Scar contractures resulting from perioral burn wounds or skin grafts can have a purse-string effect on the mouth, leading to microstomia. Macrostomia can develop when perioral contraction of burn wounds or skin grafts affects the upper and lower lips and laterally displaces the oral commissure. Both deformities can cause impaired speech, alimentation, oral hygiene, and facial expression; injury to dentition; upper/lower lip ectropion; and airway compromise. The absence of underlying skeletal support facilitates an enhanced effect of scar contractures on the oral commissure and the development of microstomia. In addition to extensive facial burns, microstomia can result from electrical injury to the oral commissure, most commonly seen in young children. Persistent oral scar contractures in pediatric patients hinder the development of the underlying maxillofacial skeleton and can lead to malocclusion, retrogenia, and speech pathology. Neck contractures often cause lower lip eversion and must be corrected before lower lip reconstruction ( Fig. 58.16 ).
Acid burn to right face, neck, and chest. (A and B) Neck contracture causing severe mouth distortion and oral incompetence. (C) Tissue-expanded left neck with local flap to right neck followed by split-thickness skin graft placed after neck contracture release. Full-thickness skin graft also placed to right lower lip. (D and E) About 3 years postop showing restored position of both lips.
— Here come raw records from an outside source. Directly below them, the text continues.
text \<open>For an approximate nearest point \<open>\<psi>0\<close> of \<open>S\<close> to \<open>\<phi>\<close>, the direction \<open>\<phi> - \<psi>0\<close> separates.\<close>

lemma convex_separation:
  fixes S :: "('a \<Rightarrow> real) set" and F :: "'a set" and \<phi> :: "'a \<Rightarrow> real"
  assumes F: "finite F" and S: "S \<noteq> {}"
    and convex: "\<And>\<psi> \<psi>' l. \<psi> \<in> S \<Longrightarrow> \<psi>' \<in> S \<Longrightarrow> 0 \<le> l \<Longrightarrow> l \<le> 1 \<Longrightarrow> (\<lambda>f. (1 - l) * \<psi> f + l * \<psi>' f) \<in> S"
    and bounded: "\<And>\<psi> f. \<psi> \<in> S \<Longrightarrow> f \<in> F \<Longrightarrow> \<bar>\<psi> f\<bar> \<le> K f"
    and far: "\<And>\<psi>. \<psi> \<in> S \<Longrightarrow> \<exists>f\<in>F. \<epsilon> \<le> \<bar>\<psi> f - \<phi> f\<bar>" and \<epsilon>: "\<epsilon> > 0"
  obtains c where "\<And>\<psi>. \<psi> \<in> S \<Longrightarrow> (\<Sum>f\<in>F. c f * (\<psi> f - \<phi> f)) < 0"
proof -
  define B where "B = (\<Sum>f\<in>F. (2 * K f)\<^sup>2)"
  have B0: "B \<ge> 0" unfolding B_def by (intro sum_nonneg) auto
  have B: "(\<Sum>f\<in>F. (\<psi>' f - \<psi> f)\<^sup>2) \<le> B" if "\<psi> \<in> S" "\<psi>' \<in> S" for \<psi> \<psi>'
    unfolding B_def
  proof (rule sum_mono)
    fix f assume f: "f \<in> F"
    have "\<bar>\<psi>' f - \<psi> f\<bar> \<le> 2 * K f" using bounded[OF that(1) f] bounded[OF that(2) f] by linarith
    then show "(\<psi>' f - \<psi> f)\<^sup>2 \<le> (2 * K f)\<^sup>2" by (metis abs_ge_zero power2_abs power_mono)
  qed
  define step where "step x = min 1 (x / (2 * B + 1))" for x
  obtain d \<psi>0 where d0: "0 < d" and d_le: "\<And>\<psi>. \<psi> \<in> S \<Longrightarrow> d \<le> (\<Sum>f\<in>F. (\<psi> f - \<phi> f)\<^sup>2)"
    and \<psi>0: "\<psi>0 \<in> S" "(\<Sum>f\<in>F. (\<psi>0 f - \<phi> f)\<^sup>2) < d + step d * d / 2"
    by (rule approx_nearest_point[OF F S far \<epsilon>, of "\<lambda>x. step x * x / 2"])
      (use B0 in \<open>auto simp: step_def\<close>)
  define l where "l = step d"
  have l0: "0 < l" "l \<le> 1" unfolding l_def step_def using d0 B0 by auto
  have lB: "l * B \<le> d / 2"
  proof -
    have "l * B \<le> d / (2 * B + 1) * B" unfolding l_def step_def using B0 by (intro mult_right_mono) auto
    also have "\<dots> \<le> d / 2" using d0 B0 by (simp add: field_simps)
    finally show ?thesis .
  qed
  \<comment> \<open>A step of size \<open>l\<close> from \<open>\<psi>0\<close> towards any \<open>\<psi>\<close> stays in \<open>S\<close>, so cannot decrease the distance
    by more than the slack \<open>l d / 2\<close> of \<open>\<psi>0\<close>.\<close>
  show thesis
  proof (rule that[of "\<lambda>f. \<phi> f - \<psi>0 f"])
    fix \<psi> assume \<psi>: "\<psi> \<in> S"
    define D0 where "D0 = (\<Sum>f\<in>F. (\<psi>0 f - \<phi> f)\<^sup>2)"
    define P where "P = (\<Sum>f\<in>F. (\<psi>0 f - \<phi> f) * (\<psi> f - \<psi>0 f))"
    define V where "V = (\<Sum>f\<in>F. (\<psi> f - \<psi>0 f)\<^sup>2)"
    have "d \<le> (\<Sum>f\<in>F. ((1 - l) * \<psi>0 f + l * \<psi> f - \<phi> f)\<^sup>2)"
      using d_le[OF convex[OF \<psi>0(1) \<psi>]] l0 by simp
    also have "\<dots> = D0 + 2 * l * P + l\<^sup>2 * V"
      unfolding D0_def P_def V_def by (rule sum_power2_convex_comb)
    finally have step: "d \<le> D0 + 2 * l * P + l\<^sup>2 * V" .
    have "l\<^sup>2 * V \<le> l * (l * B)"
      using B[OF \<psi>0(1) \<psi>] l0 unfolding V_def by (simp add: power2_eq_square mult_left_mono)
    also have "\<dots> \<le> l * (d / 2)" using lB l0 by (intro mult_left_mono) auto
    finally have "0 < l * (2 * P + d)" using step \<psi>0(2) unfolding D0_def l_def by (simp add: algebra_simps)
    then have "2 * P + d > 0" using l0 by (simp add: zero_less_mult_iff)
    moreover have "(\<Sum>f\<in>F. (\<phi> f - \<psi>0 f) * (\<psi> f - \<phi> f)) = - P - D0"
      unfolding P_def D0_def
      by (simp add: power2_eq_square algebra_simps sum_subtractf sum_negf flip: sum.distrib)
    ultimately show "(\<Sum>f\<in>F. (\<phi> f - \<psi>0 f) * (\<psi> f - \<phi> f)) < 0" using d_le[OF \<psi>0(1)] d0 unfolding D0_def by linarith
  qed
qed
The panfacial burn usually results in macrostomia. During the acute period, contracture release and perioral skin grafts are often employed to maintain the airway. The grafts typically contract over time, requiring revision. Microstomia can develop when the upper and lower lips are grafted, requiring commissuroplasty with local tissue rearrangement for definitive treatment.
Evaluation
As with all burn injuries, evaluating the underlying pathology and developing an optimal solution is essential. Soft tissue deficits, distorted landmarks, and functional impairment must be carefully assessed. The vast majority of burned lip injuries are cutaneous, some with resultant scar contracture. It is critical to note the involvement of the vermilion and other vital structures. When contractures are present, STSGs and FTSGs often provide an appropriate remedy when the underlying orbicularis oris muscle is intact and other facial muscles and nerves are not compromised. Minor contractures can usually be treated with Z-plasties combined with laser therapy. Skin grafting for larger contractures can achieve excellent outcomes and prevent the need for complex flaps. The functioning gracilis muscle-free flap may be suitable for severe deep burns requiring muscle reconstruction.
Lower lip
The lower lip is made of a single facial aesthetic subunit. Reconstructive options include FTSGs, local flaps, regional pedicled flaps, and microvascular free flaps ( Fig. 58.17 ). Classic flaps used in oncologic reconstruction may not be applicable to burn reconstruction in which only the skin is impacted and the orbicularis oris muscle and mucosa are intact. Injured orbicular oris preserves oral continence while any skin contracture is being treated.